Sylvia was speaking about her long-term interest in establishing more marine protected areas (MPAs) around the globe. This has been an interest of mine since the early 1990s when I did my Ph.D. research to identify regions of persistent giant kelp that could serve as future MPAs around our island. In 2009 Sylvia formed Mission Blue to work towards greater exploration of and education about our oceans, and the creation of a global network of MPAs. At present about 5% of the ocean has protected status and Mission Blue hopes to increase that to 30% in the coming decades.

Sylvia outlined many of the greatest threats to our marine environment. A major one is the continued burning of fossil fuels and its impact on global climate, pollution and changes in the chemistry of the oceans. Speaking of pollution, one of her slides showed an unopened can of SPAM at the deepest spot in the ocean, the Marianas Trench. The increasing presence of plastics in our oceans and their impact on marine food chains leading up to humans was another. Overfishing is yet another threat not only for future human consumption, but for the health of the ocean's ecosystems.

Despite her concerns about these impacts, Sylvia's message was one of hope. She firmly believes human beings have the ability to learn about them and, unlike other species, effect change.
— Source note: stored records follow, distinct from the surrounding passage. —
(* Let $\Theta'$ be obtained from $\Theta_4$ by subdividing one edge with a bivalent vertex $v$, and let $\Theta_v$ be the explosion of $\Theta'$ at $v$; thus $\Theta_v$ has two $4$-valent vertices $u_1,u_2$ joined by three edges, and one further edge (a tail) at each $u_i$. In the exact sequence \[\cdots\to H_2(B_3(\Theta_v))\xrightarrow{\iota_*}H_2(B_3(\Theta'))\xrightarrow{\psi}H_1(B_2(\Theta_v))\xrightarrow{\delta}H_1(B_3(\Theta_v))\to\cdots\] the map $\psi$ sends a generator of $H_2(B_3(\Theta'))\cong H_2(B_3(\Theta_4))\cong\mathbb{Z}$ to $\pm$ the star class at $u_1$ determined by the three half-edges at $u_1$ lying on the three edges joining $u_1$ and $u_2$ (which is, up to sign, the unique non-rigid star class in $H_1(B_2(\Theta_v))$).
   Context: Graphs are finite $1$-dimensional CW complexes; $B_k(\Gamma)$ is the configuration space of $k$ unordered points, and $H_*(B(\Gamma))$ is a module over $\mathbb{Z}[E]$ ($E$ = edges) via edge stabilization, equivalently the homology of the Świątkowski complex $S(\Gamma)=\mathbb{Z}[E]\otimes\bigotimes_v\mathbb{Z}\langle\varnothing,v,h\in H(v)\rangle$ with $\partial h=e(h)-v(h)$, bigraded by degree ($|h|=1$, others $0$) and weight ($|v|=|e|=|h|=1$, $|\varnothing|=0$). The reduced complex $\widetilde S(\Gamma)$ uses at each vertex the span of $\varnothing$ and differences of half-edges. Explosion $\Gamma_v$ of a vertex $v$: replace $v$ by $d(v)$ univalent vertices, one per half-edge at $v$. For a bivalent vertex $v$ with half-edges $h_0,h$, there is a natural exact sequence $\cdots\to H_i(B_k(\Gamma_v))\xrightarrow{\iota_*}H_i(B_k(\Gamma))\xrightarrow{\psi}H_{i-1}(B_{k-1}(\Gamma_v))\xrightarrow{\delta}H_{i-1}(B_k(\Gamma_v))\to\cdots$, where $\iota_*$ is induced by the inclusion, $\psi$ is induced by the chain map on reduced complexes sending $b+(h-h_0)a\mapsto a$ ($a,b$ involving no half-edge generators at $v$), and $\delta$ is multiplication by $e(h)-e(h_0)$. A star class is the class of a star cycle $e_3(h_1-h_2)+e_2(h_3-h_1)+e_1(h_2-h_3)$ for distinct half-edges $h_1,h_2,h_3$ at a vertex $u$ (its support), $e_i=e(h_i)$. A star cycle with support $u$ is rigid if its three half-edges do not all lie in the same connected component of $\Gamma_u$; a star class is rigid if it has a rigid representing star cycle, non-rigid otherwise. *)

theory Defs
  imports Main
begin

text \<open>Vertices are natural numbers; their natural
 order fixes the ordering of tensor factors (Koszul signs) in the
 Swiatkowski complex.\<close>

record graph =
  verts  :: "nat set"
  edges  :: "nat set"
  halves :: "nat set"
  hv     :: "nat \<Rightarrow> nat"
  he     :: "nat \<Rightarrow> nat"

definition H_at :: "graph \<Rightarrow> nat \<Rightarrow> nat set" where
  "H_at G v = {h \<in> halves G. hv G h = v}"

datatype gen = Emp | Vtx | Hlf nat

fun isHlf :: "gen \<Rightarrow> bool" where
  "isHlf (Hlf h) = True" | "isHlf _ = False"

text \<open>A basis monomial: an edge monomial (exponent vector) together with a choice of
 local generator at every vertex.\<close>
type_synonym mono = "(nat \<Rightarrow> nat) \<times> (nat \<Rightarrow> gen)"
type_synonym chain = "mono \<Rightarrow> int"

definition valid_mono :: "graph \<Rightarrow> mono \<Rightarrow> bool" where
  "valid_mono G b \<longleftrightarrow>
     (\<forall>e. fst b e \<noteq> 0 \<longrightarrow> e \<in> edges G) \<and>
     (\<forall>w. w \<notin> verts G \<longrightarrow> snd b w = Emp) \<and>
     (\<forall>w h. snd b w = Hlf h \<longrightarrow> h \<in> H_at G w)"

definition mdeg :: "graph \<Rightarrow> mono \<Rightarrow> nat" where
  "mdeg G b = card {w \<in> verts G. isHlf (snd b w)}"

definition mwt :: "graph \<Rightarrow> mono \<Rightarrow> nat" where
  "mwt G b = (\<Sum>e\<in>edges G. fst b e) + card {w \<in> verts G. snd b w \<noteq> Emp}"

definition ind :: "mono \<Rightarrow> chain" where
  "ind b = (\<lambda>b'. if b' = b then 1 else 0)"

definition ksign :: "graph \<Rightarrow> (nat \<Rightarrow> gen) \<Rightarrow> nat \<Rightarrow> int" where
  "ksign G \<sigma> w = (-1) ^ card {w' \<in> verts G. w' < w \<and> isHlf (\<sigma> w')}"

text \<open>Differential on monomials, induced by d h = e(h) - v(h) with Koszul signs.\<close>
definition bd_mono :: "graph \<Rightarrow> mono \<Rightarrow> chain" where
  "bd_mono G b = (\<lambda>b'. \<Sum>w\<in>verts G.
      (case snd b w of
         Hlf h \<Rightarrow> ksign G (snd b) w *
            (ind ((fst b)(he G h := fst b (he G h) + 1), (snd b)(w := Emp)) b'
             - ind (fst b, (snd b)(w := Vtx)) b')
       | _ \<Rightarrow> 0))"

definition supp :: "chain \<Rightarrow> mono set" where
  "supp c = {b. c b \<noteq> 0}"

definition bd :: "graph \<Rightarrow> chain \<Rightarrow> chain" where
  "bd G c = (\<lambda>b'. \<Sum>b\<in>supp c. c b * bd_mono G b b')"

text \<open>Chains of S(G) in degree i and weight k (weight k = k particles).\<close>
definition is_chain :: "graph \<Rightarrow> nat \<Rightarrow> nat \<Rightarrow> chain \<Rightarrow> bool" where
  "is_chain G i k c \<longleftrightarrow> finite (supp c) \<and>
     (\<forall>b\<in>supp c. valid_mono G b \<and> mdeg G b = i \<and> mwt G b = k)"

definition is_cycle :: "graph \<Rightarrow> nat \<Rightarrow> nat \<Rightarrow> chain \<Rightarrow> bool" where
  "is_cycle G i k c \<longleftrightarrow> is_chain G i k c \<and> bd G c = (\<lambda>_. 0)"

definition homologous :: "graph \<Rightarrow> nat \<Rightarrow> nat \<Rightarrow> chain \<Rightarrow> chain \<Rightarrow> bool" where
  "homologous G i k c1 c2 \<longleftrightarrow>
     (\<exists>d. is_chain G (Suc i) k d \<and> (\<lambda>b. c1 b - c2 b) = bd G d)"

text \<open>A chain lies in the subcomplex which is reduced at the bivalent vertex v with
 half-edges h0, h: its v-factor is the empty symbol or a multiple of (h - h0),
 i.e. it has the form b + (h - h0) a.\<close>
definition reduced_at :: "nat \<Rightarrow> nat \<Rightarrow> nat \<Rightarrow> chain \<Rightarrow> bool" where
  "reduced_at v h0 h c \<longleftrightarrow>
     (\<forall>m \<sigma>. c (m, \<sigma>(v := Vtx)) = 0 \<and>
            c (m, \<sigma>(v := Hlf h0)) = - c (m, \<sigma>(v := Hlf h)) \<and>
            (\<forall>h'. h' \<noteq> h \<and> h' \<noteq> h0 \<longrightarrow> c (m, \<sigma>(v := Hlf h')) = 0))"

text \<open>psi: b + (h - h0) a \<mapsto> a.\<close>
definition psi :: "nat \<Rightarrow> nat \<Rightarrow> chain \<Rightarrow> chain" where
  "psi v h c = (\<lambda>(m, \<sigma>). if \<sigma> v = Emp then c (m, \<sigma>(v := Hlf h)) else 0)"

text \<open>Explosion at v: v is replaced by one new univalent vertex per half-edge at v;
 the new vertex for half-edge h is named new h (new must be injective and avoid
 the other vertices).\<close>
definition explode :: "graph \<Rightarrow> nat \<Rightarrow> (nat \<Rightarrow> nat) \<Rightarrow> graph" where
  "explode G v new = G\<lparr> verts := (verts G - {v}) \<union> new ` H_at G v,
                        hv := (\<lambda>x. if hv G x = v then new x else hv G x) \<rparr>"

definition star_cycle :: "graph \<Rightarrow> nat \<Rightarrow> nat \<Rightarrow> nat \<Rightarrow> nat \<Rightarrow> chain" where
  "star_cycle G u h1 h2 h3 = (\<lambda>b.
      let t = (\<lambda>e x. ind ((\<lambda>_. 0)(e := 1), (\<lambda>_. Emp)(u := Hlf x)) b) in
      t (he G h3) h1 - t (he G h3) h2 + t (he G h2) h3 - t (he G h2) h1
      + t (he G h1) h2 - t (he G h1) h3)"

definition Theta4 :: graph where
  "Theta4 = \<lparr> verts = {0,1}, edges = {0..3}, halves = {0..7},
             hv = (\<lambda>h. h mod 2), he = (\<lambda>h. h div 2) \<rparr>"

text \<open>Theta': Theta_4 with edge 3 subdivided by the bivalent vertex 2:
 edge 3 now joins vertex 0 (half-edge 6) and vertex 2 (half-edge 7), new edge 4
 joins vertex 2 (half-edge 8) and vertex 1 (half-edge 9).\<close>
definition Theta' :: graph where
  "Theta' = \<lparr> verts = {0,1,2}, edges = {0..4}, halves = {0..9},
             hv = (\<lambda>h. if h < 6 then h mod 2
                        else if h = 6 then 0 else if h = 9 then 1 else 2),
             he = (\<lambda>h. h div 2) \<rparr>"

text \<open>Theta_v: explosion of Theta' at v = 2; half-edge 7 goes to new vertex 17 and
 half-edge 8 to new vertex 18 (tails at u1 = 0 and u2 = 1).\<close>
definition Theta_v :: graph where
  "Theta_v = explode Theta' 2 (\<lambda>h. h + 10)"

end

theory Submission imports Defs begin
The ocean is an important source of not only food for our species, but of the very life giving oxygen and water which are necessities for most living things including you and me. She refers to areas of the ocean which have special ecological significance as "Hope Spots," areas she would like to see protected. Sylvia's message is a positive one... through greater access to information, Homo sapiens can become familiar with the threats and act to reverse them through our own lifestyles and through "political" action.

You can find out more about Mission Blue on their website (Mission Blue – Ocean News, Action and Hope) and by watching the Emmy award winning documentary Mission Blue on Netflix (Mission Blue | Netflix).


© 2017 Dr. Bill Bushing. For the entire archived set of over 700 "Dive Dry" columns, visit my website Star Thrower Educational Multimedia (S.T.E.M.) Home Page

Image caption: Sylvia (center) with other members of the Tektite II expedition and a one atmosphere JIM suit used by the U.S. Navy off Catalina for training; my dive buddy Catherine Ngo having Sylvia sign her book and my friend and host Geoff Walsh and Sylvia at the talk along with some photobombing dive bum.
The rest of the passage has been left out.